**Try it:** Retyping the entries exactly is all that is required.

▼▼▼

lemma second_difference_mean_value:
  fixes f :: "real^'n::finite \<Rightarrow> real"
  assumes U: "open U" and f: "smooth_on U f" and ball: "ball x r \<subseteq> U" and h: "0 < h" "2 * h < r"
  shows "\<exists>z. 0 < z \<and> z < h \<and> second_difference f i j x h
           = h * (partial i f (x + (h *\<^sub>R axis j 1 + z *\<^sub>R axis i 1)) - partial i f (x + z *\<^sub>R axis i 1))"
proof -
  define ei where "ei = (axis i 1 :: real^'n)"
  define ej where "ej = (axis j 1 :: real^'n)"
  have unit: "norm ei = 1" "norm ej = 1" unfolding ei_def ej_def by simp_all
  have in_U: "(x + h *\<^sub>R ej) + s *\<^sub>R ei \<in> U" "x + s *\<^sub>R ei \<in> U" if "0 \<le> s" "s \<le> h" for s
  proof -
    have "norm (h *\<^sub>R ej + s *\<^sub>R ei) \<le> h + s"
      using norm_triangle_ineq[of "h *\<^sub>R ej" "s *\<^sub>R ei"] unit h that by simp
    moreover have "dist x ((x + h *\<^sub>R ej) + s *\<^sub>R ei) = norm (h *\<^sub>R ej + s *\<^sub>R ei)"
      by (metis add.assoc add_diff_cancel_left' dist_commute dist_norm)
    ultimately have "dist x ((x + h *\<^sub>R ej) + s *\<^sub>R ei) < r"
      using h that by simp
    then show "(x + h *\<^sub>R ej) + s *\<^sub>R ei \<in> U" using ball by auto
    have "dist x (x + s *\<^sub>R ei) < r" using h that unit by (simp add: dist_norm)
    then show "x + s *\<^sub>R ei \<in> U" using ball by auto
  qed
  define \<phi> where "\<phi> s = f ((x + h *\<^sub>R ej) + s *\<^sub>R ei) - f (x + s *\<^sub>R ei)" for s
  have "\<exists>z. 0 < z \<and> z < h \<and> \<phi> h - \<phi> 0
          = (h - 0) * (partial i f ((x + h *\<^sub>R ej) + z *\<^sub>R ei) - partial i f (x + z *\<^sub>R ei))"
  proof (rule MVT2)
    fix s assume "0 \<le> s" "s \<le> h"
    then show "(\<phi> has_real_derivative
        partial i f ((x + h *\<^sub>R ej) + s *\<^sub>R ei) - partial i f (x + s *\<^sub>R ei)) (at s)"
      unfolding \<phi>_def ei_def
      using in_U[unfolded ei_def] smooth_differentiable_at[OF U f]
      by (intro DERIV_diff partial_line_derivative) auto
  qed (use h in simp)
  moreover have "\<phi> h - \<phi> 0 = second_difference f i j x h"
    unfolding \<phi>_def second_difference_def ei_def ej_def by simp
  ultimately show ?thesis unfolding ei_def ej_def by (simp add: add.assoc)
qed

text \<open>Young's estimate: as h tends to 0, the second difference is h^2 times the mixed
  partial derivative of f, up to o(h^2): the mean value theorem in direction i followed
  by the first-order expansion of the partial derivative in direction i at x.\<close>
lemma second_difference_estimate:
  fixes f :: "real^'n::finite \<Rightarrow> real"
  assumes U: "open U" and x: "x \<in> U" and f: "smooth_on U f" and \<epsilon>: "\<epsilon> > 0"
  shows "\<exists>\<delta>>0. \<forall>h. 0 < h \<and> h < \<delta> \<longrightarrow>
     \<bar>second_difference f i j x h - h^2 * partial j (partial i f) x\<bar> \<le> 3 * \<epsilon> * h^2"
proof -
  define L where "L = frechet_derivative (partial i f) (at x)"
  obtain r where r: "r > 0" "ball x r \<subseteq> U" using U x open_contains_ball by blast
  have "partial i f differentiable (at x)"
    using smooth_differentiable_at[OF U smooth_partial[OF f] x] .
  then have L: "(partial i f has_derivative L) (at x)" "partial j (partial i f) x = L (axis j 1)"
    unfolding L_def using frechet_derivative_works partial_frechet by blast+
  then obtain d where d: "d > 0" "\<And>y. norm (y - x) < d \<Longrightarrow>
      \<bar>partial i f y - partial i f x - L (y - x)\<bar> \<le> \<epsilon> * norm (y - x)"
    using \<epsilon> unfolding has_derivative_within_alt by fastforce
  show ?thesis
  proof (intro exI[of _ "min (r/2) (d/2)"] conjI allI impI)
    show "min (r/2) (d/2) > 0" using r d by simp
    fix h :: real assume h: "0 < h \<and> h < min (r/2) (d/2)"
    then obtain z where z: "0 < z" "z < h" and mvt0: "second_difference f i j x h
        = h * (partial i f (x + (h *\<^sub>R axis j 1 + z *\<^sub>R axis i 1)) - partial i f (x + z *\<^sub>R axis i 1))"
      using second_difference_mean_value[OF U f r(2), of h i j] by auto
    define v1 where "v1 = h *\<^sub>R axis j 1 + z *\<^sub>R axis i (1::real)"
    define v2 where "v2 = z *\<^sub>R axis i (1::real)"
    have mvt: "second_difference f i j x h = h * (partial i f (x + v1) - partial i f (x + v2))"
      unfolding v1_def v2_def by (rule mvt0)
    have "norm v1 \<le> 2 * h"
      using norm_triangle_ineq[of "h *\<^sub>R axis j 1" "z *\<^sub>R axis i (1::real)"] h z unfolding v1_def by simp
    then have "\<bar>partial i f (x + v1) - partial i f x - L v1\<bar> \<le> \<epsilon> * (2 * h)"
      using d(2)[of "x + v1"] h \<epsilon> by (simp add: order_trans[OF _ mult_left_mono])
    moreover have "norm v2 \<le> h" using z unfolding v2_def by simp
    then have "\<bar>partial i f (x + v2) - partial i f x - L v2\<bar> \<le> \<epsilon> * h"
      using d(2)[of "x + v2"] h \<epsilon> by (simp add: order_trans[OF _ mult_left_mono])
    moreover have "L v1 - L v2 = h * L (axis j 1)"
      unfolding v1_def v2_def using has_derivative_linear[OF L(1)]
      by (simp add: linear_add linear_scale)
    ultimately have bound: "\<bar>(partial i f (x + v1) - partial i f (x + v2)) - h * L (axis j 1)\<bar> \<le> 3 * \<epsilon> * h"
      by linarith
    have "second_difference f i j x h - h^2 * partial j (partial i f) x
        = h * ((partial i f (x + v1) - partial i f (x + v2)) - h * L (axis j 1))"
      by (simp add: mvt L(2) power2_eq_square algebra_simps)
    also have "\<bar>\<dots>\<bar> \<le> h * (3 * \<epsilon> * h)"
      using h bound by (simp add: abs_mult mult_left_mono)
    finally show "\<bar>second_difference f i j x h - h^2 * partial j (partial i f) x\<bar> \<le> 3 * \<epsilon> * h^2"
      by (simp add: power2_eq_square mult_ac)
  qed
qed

▲▲▲

**Answer box:**
lemma second_difference_mean_value:
  fixes f :: "real^'n::finite \<Rightarrow> real"
  assumes U: "open U" and f: "smooth_on U f" and ball: "ball x r \<subseteq> U" and h: "0 < h" "2 * h < r"
  shows "\<exists>z. 0 < z \<and> z < h \<and> second_difference f i j x h
           = h * (partial i f (x + (h *\<^sub>R axis j 1 + z *\<^sub>R axis i 1)) - partial i f (x + z *\<^sub>R axis i 1))"
proof -
  define ei where "ei = (axis i 1 :: real^'n)"
  define ej where "ej = (axis j 1 :: real^'n)"
  have unit: "norm ei = 1" "norm ej = 1" unfolding ei_def ej_def by simp_all
  have in_U: "(x + h *\<^sub>R ej) + s *\<^sub>R ei \<in> U" "x + s *\<^sub>R ei \<in> U" if "0 \<le> s" "s \<le> h" for s
  proof -
    have "norm (h *\<^sub>R ej + s *\<^sub>R ei) \<le> h + s"
      using norm_triangle_ineq[of "h *\<^sub>R ej" "s *\<^sub>R ei"] unit h that by simp
    moreover have "dist x ((x + h *\<^sub>R ej) + s *\<^sub>R ei) = norm (h *\<^sub>R ej + s *\<^sub>R ei)"
      by (metis add.assoc add_diff_cancel_left' dist_commute dist_norm)
    ultimately have "dist x ((x + h *\<^sub>R ej) + s *\<^sub>R ei) < r"
      using h that by simp
    then show "(x + h *\<^sub>R ej) + s *\<^sub>R ei \<in> U" using ball by auto
    have "dist x (x + s *\<^sub>R ei) < r" using h that unit by (simp add: dist_norm)
    then show "x + s *\<^sub>R ei \<in> U" using ball by auto
  qed
  define \<phi> where "\<phi> s = f ((x + h *\<^sub>R ej) + s *\<^sub>R ei) - f (x + s *\<^sub>R ei)" for s
  have "\<exists>z. 0 < z \<and> z < h \<and> \<phi> h - \<phi> 0
          = (h - 0) * (partial i f ((x + h *\<^sub>R ej) + z *\<^sub>R ei) - partial i f (x + z *\<^sub>R ei))"
  proof (rule MVT2)
    fix s assume "0 \<le> s" "s \<le> h"
    then show "(\<phi> has_real_derivative
        partial i f ((x + h *\<^sub>R ej) + s *\<^sub>R ei) - partial i f (x + s *\<^sub>R ei)) (at s)"
      unfolding \<phi>_def ei_def
      using in_U[unfolded ei_def] smooth_differentiable_at[OF U f]
      by (intro DERIV_diff partial_line_derivative) auto
  qed (use h in simp)
  moreover have "\<phi> h - \<phi> 0 = second_difference f i j x h"
    unfolding \<phi>_def second_difference_def ei_def ej_def by simp
  ultimately show ?thesis unfolding ei_def ej_def by (simp add: add.assoc)
qed

text \<open>Young's estimate: as h tends to 0, the second difference is h^2 times the mixed
  partial derivative of f, up to o(h^2): the mean value theorem in direction i followed
  by the first-order expansion of the partial derivative in direction i at x.\<close>
lemma second_difference_estimate:
  fixes f :: "real^'n::finite \<Rightarrow> real"
  assumes U: "open U" and x: "x \<in> U" and f: "smooth_on U f" and \<epsilon>: "\<epsilon> > 0"
  shows "\<exists>\<delta>>0. \<forall>h. 0 < h \<and> h < \<delta> \<longrightarrow>
     \<bar>second_difference f i j x h - h^2 * partial j (partial i f) x\<bar> \<le> 3 * \<epsilon> * h^2"
proof -
  define L where "L = frechet_derivative (partial i f) (at x)"
  obtain r where r: "r > 0" "ball x r \<subseteq> U" using U x open_contains_ball by blast
  have "partial i f differentiable (at x)"
    using smooth_differentiable_at[OF U smooth_partial[OF f] x] .
  then have L: "(partial i f has_derivative L) (at x)" "partial j (partial i f) x = L (axis j 1)"
    unfolding L_def using frechet_derivative_works partial_frechet by blast+
  then obtain d where d: "d > 0" "\<And>y. norm (y - x) < d \<Longrightarrow>
      \<bar>partial i f y - partial i f x - L (y - x)\<bar> \<le> \<epsilon> * norm (y - x)"
    using \<epsilon> unfolding has_derivative_within_alt by fastforce
  show ?thesis
  proof (intro exI[of _ "min (r/2) (d/2)"] conjI allI impI)
    show "min (r/2) (d/2) > 0" using r d by simp
    fix h :: real assume h: "0 < h \<and> h < min (r/2) (d/2)"
    then obtain z where z: "0 < z" "z < h" and mvt0: "second_difference f i j x h
        = h * (partial i f (x + (h *\<^sub>R axis j 1 + z *\<^sub>R axis i 1)) - partial i f (x + z *\<^sub>R axis i 1))"
      using second_difference_mean_value[OF U f r(2), of h i j] by auto
    define v1 where "v1 = h *\<^sub>R axis j 1 + z *\<^sub>R axis i (1::real)"
    define v2 where "v2 = z *\<^sub>R axis i (1::real)"
    have mvt: "second_difference f i j x h = h * (partial i f (x + v1) - partial i f (x + v2))"
      unfolding v1_def v2_def by (rule mvt0)
    have "norm v1 \<le> 2 * h"
      using norm_triangle_ineq[of "h *\<^sub>R axis j 1" "z *\<^sub>R axis i (1::real)"] h z unfolding v1_def by simp
    then have "\<bar>partial i f (x + v1) - partial i f x - L v1\<bar> \<le> \<epsilon> * (2 * h)"
      using d(2)[of "x + v1"] h \<epsilon> by (simp add: order_trans[OF _ mult_left_mono])
    moreover have "norm v2 \<le> h" using z unfolding v2_def by simp
    then have "\<bar>partial i f (x + v2) - partial i f x - L v2\<bar> \<le> \<epsilon> * h"
      using d(2)[of "x + v2"] h \<epsilon> by (simp add: order_trans[OF _ mult_left_mono])
    moreover have "L v1 - L v2 = h * L (axis j 1)"
      unfolding v1_def v2_def using has_derivative_linear[OF L(1)]
      by (simp add: linear_add linear_scale)
    ultimately have bound: "\<bar>(partial i f (x + v1) - partial i f (x + v2)) - h * L (axis j 1)\<bar> \<le> 3 * \<epsilon> * h"
      by linarith
    have "second_difference f i j x h - h^2 * partial j (partial i f) x
        = h * ((partial i f (x + v1) - partial i f (x + v2)) - h * L (axis j 1))"
      by (simp add: mvt L(2) power2_eq_square algebra_simps)
    also have "\<bar>\<dots>\<bar> \<le> h * (3 * \<epsilon> * h)"
      using h bound by (simp add: abs_mult mult_left_mono)
    finally show "\<bar>second_difference f i j x h - h^2 * partial j (partial i f) x\<bar> \<le> 3 * \<epsilon> * h^2"
      by (simp add: power2_eq_square mult_ac)
  qed
qed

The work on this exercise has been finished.